Webmaster's Note: As used in the following article, the word "fad" denotes an interest or hobby.
There is nothing occult in the suggestion that the worrier cultivate a fad. Its object is to interest him in something outside of himself and of the monotony of his accustomed round. If it seems to him too much trouble to enter upon the details of the fad there is all the more reason for freeing himself from such mental inertia.
How shall we set to work to acquire a fad [hobby], without special opportunity or education, and with but little time at our disposal? Suppose we take the study of botany as an illustration, not necessitating class instruction. This useful study may be made also a charming fad, and one not beneath the notice of so learned and busy a man as Sir Francis Bacon, who found time and inclination to write an essay "Of Gardens," in which he mentions by name and shows intimate acquaintance with, over one hundred distinct varieties of plant life.

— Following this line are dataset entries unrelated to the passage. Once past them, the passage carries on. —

text \<open>The rotation \<open>mix_givens A B c s\<close> turns the basis vector \<open>init A\<close> into \<open>c\<close> times itself plus
  \<open>s\<close> times the copy of \<open>init B\<close>, so the mixture runs \<open>A\<close> and \<open>B\<close> side by side in superposition.
  Conjugating the transitions by it does not disturb the measurements because both initial states
  are non-halting.\<close>

definition mmqfa_mix :: "'a mmqfa \<Rightarrow> 'a mmqfa \<Rightarrow> real \<Rightarrow> real \<Rightarrow> 'a mmqfa" where
  "mmqfa_mix A B c s = MMQFA (dim A + dim B)
     (\<lambda>\<sigma>. mat_mult (dim A + dim B) (mix_givens A B c (- s))
        (mat_mult (dim A + dim B) (block_diag (dim A) (trans A \<sigma>) (trans B \<sigma>)) (mix_givens A B c s)))
     (init A) (accs A \<union> (+) (dim A) ` accs B) (rejs A \<union> (+) (dim A) ` rejs B)"

lemma mmqfa_mix_simps [simp]:
  "dim (mmqfa_mix A B c s) = dim A + dim B"
  "init (mmqfa_mix A B c s) = init A"
  "accs (mmqfa_mix A B c s) = accs A \<union> (+) (dim A) ` accs B"
  "rejs (mmqfa_mix A B c s) = rejs A \<union> (+) (dim A) ` rejs B"
  by (simp_all add: mmqfa_mix_def)

lemma non_states_mix:
  assumes "wf_mmqfa A" "wf_mmqfa B"
  shows "non_states (mmqfa_mix A B c s) = non_states A \<union> (+) (dim A) ` non_states B"
proof -
  have "x \<in> (+) (dim A) ` S \<longleftrightarrow> dim A \<le> x \<and> x - dim A \<in> S" for x S by force
  then show ?thesis
    using assms unfolding non_states_def wf_mmqfa_def by auto
qed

Sir John Lubbock (the Right Honourable Lord Avebury) in "The Pleasures of Life," says:
"The botanist, on the contrary...nay, I will not say the botanist, but one with even a slight knowledge of that delightful science...when he goes out into the woods, or out into one of those fairy forests which we call fields, finds himself welcomed by a glad company of friends, every one with something interesting to tell."
There are two ways of cultivating botanical as well as other knowledge; namely, the passive and the active. The passive method is to let someone inform us; the active is to find out something for ourselves. The latter is the only effective method. Suppose we start with the wild flowers:
The first step is to purchase a popular illustrated book on this subject, preferably one in which the flowers are arranged according to color. We first learn, in the introduction, the principal parts of the flower, as the calyx, the corolla, the stamen and the pistil. We find that the arrangements of leaves and flowers are quite constant, that the leaves of some plants are opposite, of others alternate; of still others from the root only, that flowers are solitary, in raceme, head, spike or otherwise clustered.
It now behooves us to take a walk upon a country road with our eyes open and our book under our arm. Along the roadsides passing vehicles have scattered the seeds of many flowering plants. We decide to pick and learn the first white blossom we see. This blossom appears, we will say, upon a plant about a foot high. We notice that its leaves are opposite, that its corolla has five petals and that its calyx is inflated. We now look through the section on white flowers.
The first plant described has leaves from the root only; the second is a tall shrub, these we pass, therefore, and continue until we find one answering the description, leaves opposite, calyx inflated, corolla of five petals. When we reach it we have identified the plant; we now feel a sense of ownership in the Bladder Campion, and are quite shocked when our friend calls it only "a weed." Meantime we have noted many familiar names and some familiar illustrations which we must identify on our next ramble.
Checking the time, we find that we have easily spent a couple of hours in completely forgetting the daily grind, to say nothing of having filled our lungs with comparatively fresh air, and having had a little exercise. Best of all, we have started a new set of associations; we have paved the way for new acquaintances, Linnaeus, Gray, Dioscorides and Theophrastus, to say nothing of our close personal friend "so-and-so" whom we always thought rather tiresome but with whom we now have something in common. We'll take up our daily grind to-morrow with a new zest for having forgotten it for a few hours, and find it to be much less of a grind than usual; moreover, we now have an object to encourage another pleasurable and beneficial stroll in the country.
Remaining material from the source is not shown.